Joya: AiR / Stephen Bennett / UAL art for the environment award winner
Nine Quadrats @ Joya
“My residency at Joya: arte + ecología has opened my practice to routes and pathways I didn’t know existed. This was the case even from the application process, where I was successful in securing the residency through the University of the Arts London Environment International Artist Residency Programme. I was already being inspired by reading about Joya’s important mission, their approach to resource sustainability, and the artistic research that Simon Beckmann had done into the ‘ephemeral water systems’ (Sistemas Efímeros). Joya seemed the perfect setting to experiment with land and environmental art, which I researched and blogged about ahead of the trip; I wanted to somehow link this to mapping the terrain, which I also investigated prior to and during the residency.

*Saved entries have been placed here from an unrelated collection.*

lemma channel_F_replacement_channel:
  assumes \<tau>: "fullrank_state m \<tau>"
  shows "channel_F n m (replacement_channel \<tau>)"
proof -
  have psd_\<tau>: "psd m \<tau>" and tr_\<tau>: "mtrace \<tau> = 1"
    using \<tau> unfolding fullrank_state_def density_def by auto
  then have carrier_\<tau>: "\<tau> \<in> carrier_mat m m" unfolding psd_def by simp
  have lin: "(a * x + b * y) \<cdot>\<^sub>m \<tau> = a \<cdot>\<^sub>m (x \<cdot>\<^sub>m \<tau>) + b \<cdot>\<^sub>m (y \<cdot>\<^sub>m \<tau>)" for a b x y
    by (rule eq_matI) (simp_all add: algebra_simps)
  have "channel n m (replacement_channel \<tau>)"
    unfolding channel_def replacement_channel_def
    using carrier_\<tau> tr_\<tau> psd_\<tau> kron_psd ptrace2_psd
      ampl_replacement_channel[OF carrier_\<tau>, unfolded replacement_channel_def]
    by (simp add: lin mtrace_lincomb mtrace_smult)
  moreover have "fullrank_state m (replacement_channel \<tau> \<sigma>)" if "fullrank_state n \<sigma>" for \<sigma>
    using that \<tau> by (simp add: replacement_channel_def fullrank_state_def density_def one_smult_mat)
  ultimately show ?thesis unfolding channel_F_def by blast
qed

lemma fullrank_state_one: "fullrank_state 1 (1\<^sub>m 1)"
proof -
  have "0 \<le> Re (quad_form 1 (\<lambda>i j. (1\<^sub>m 1 :: complex mat) $$ (i, j)) c)" for c
    unfolding quad_form_def by (simp add: mult.commute[of "cnj _"] complex_mult_cnj)
  then have "psd 1 (1\<^sub>m 1)"
    unfolding psd_iff_psd_array psd_array_def by simp
  then show ?thesis
    unfolding fullrank_state_def density_def mtrace_def by simp
qed
lemma is_rep_2cell_map_hom:
  assumes "is_rep C G M act z V1 V0 (\<rho>1, \<rho>0, \<beta>, c)"
  shows "\<beta> \<in> hom M (hom_group V0 V1)"
proof (rule homI)
  note rep = assms[unfolded is_rep_def prod.case]
  show "\<beta> x \<in> carrier (hom_group V0 V1)" if "x \<in> carrier M" for x
    using rep that by simp
  show "\<beta> (x \<otimes>\<^bsub>M\<^esub> y) = \<beta> x \<otimes>\<^bsub>hom_group V0 V1\<^esub> \<beta> y" if "x \<in> carrier M" "y \<in> carrier M" for x y
    using rep that by simp
qed

lemma hom_cocycle_if_is_rep:
  assumes G: "group G" and "of_nat (order G) \<noteq> (0::'k)"
    and rep: "is_rep C G M act z V1 V0 (\<rho>1, \<rho>0, \<beta>, c)"
    and associator_trivial: "\<And>g h k. g \<in> carrier G \<Longrightarrow> h \<in> carrier G \<Longrightarrow> k \<in> carrier G \<Longrightarrow>
      \<beta> (z g h k) = Zero V0 V1"
  shows "hom_cocycle C G V1 V0 \<rho>1 \<rho>0 c"
proof (intro hom_cocycle.intro hom_cocycle_axioms.intro)
  note rep_axioms = rep[unfolded is_rep_def prod.case]
  show "klinear_category C" by (fact klinear_category_axioms)
  show "group G" "of_nat (order G) \<noteq> (0::'k)" by fact+
  show "Add (Cmp (c g h) (\<rho>0 k)) (c (g \<otimes>\<^bsub>G\<^esub> h) k) = Add (Cmp (\<rho>1 g) (c h k)) (c g (h \<otimes>\<^bsub>G\<^esub> k))"
    if "g \<in> carrier G" "h \<in> carrier G" "k \<in> carrier G" for g h k
  proof -
    have "g \<otimes>\<^bsub>G\<^esub> h \<in> carrier G" using G that by (simp add: group.is_monoid monoid.m_closed)
    then have "\<rho>0 k \<in> Hom V0 V0" "c g h \<in> Hom V0 V1" "c (g \<otimes>\<^bsub>G\<^esub> h) k \<in> Hom V0 V1"
      using rep_axioms that by blast+
    then have "Add (Cmp (c g h) (\<rho>0 k)) (c (g \<otimes>\<^bsub>G\<^esub> h) k) \<in> Hom V0 V1"
      using add_in_hom comp_in_hom by blast
    then show ?thesis
      using rep_axioms that associator_trivial[OF that] add_zero_right by metis
  qed
qed (use rep[unfolded is_rep_def prod.case] in blast)+

end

Whilst I prepared a good deal before the residency, in reality no one can really be ready for the sights, smells and sounds of Joya. The location is set amongst contouring almond groves, surrounded by pine-clad mountains, with an ever-changing light, which changes from silvery through to deep amber-pink. Despite the beautiful studio with stunning view, I couldn’t wait to hike the nearest mountain, and ascended the nearby Sierra Larga. The summit is covered in sculptural limestone paving. Standing at the top, taking in the panoramic view, I recalled some of the land and map research I had done ahead of the visit. I decided to try and ‘capture’ the topography and biology using an interpretation of the quadrat sampling technique (see pictures).
Upon descending to the studio, surrounded by other artists creatively exploring the landscape in other ways, I constructed a second square, this time on the map. Starting with the location of the quadrat I had just constructed, I identified eight other corners or midpoints of the square. Over the next ten days I visited each of these and assembled a location-specific quadrat, made only of the resources in the location environment – stones usually, but also sticks and the bare earth. Other photos are included in this blog, and a full narration of the piece is provided here.
Without the residency at Joya, it is unlikely that I would have taken this step into an unfamiliar territory and explored making temporary, sustainable art deep in a fragile landscape. The location, the presence of a curated group of diverse and fascinating artists, the critical guidance of Simon Beckmann (and the insanely good food provided!), all enable a fertile and productive experience. This setting has allowed me to take some important steps forward in my artistic practice, and I will never forget the opportunity Joya has provided”.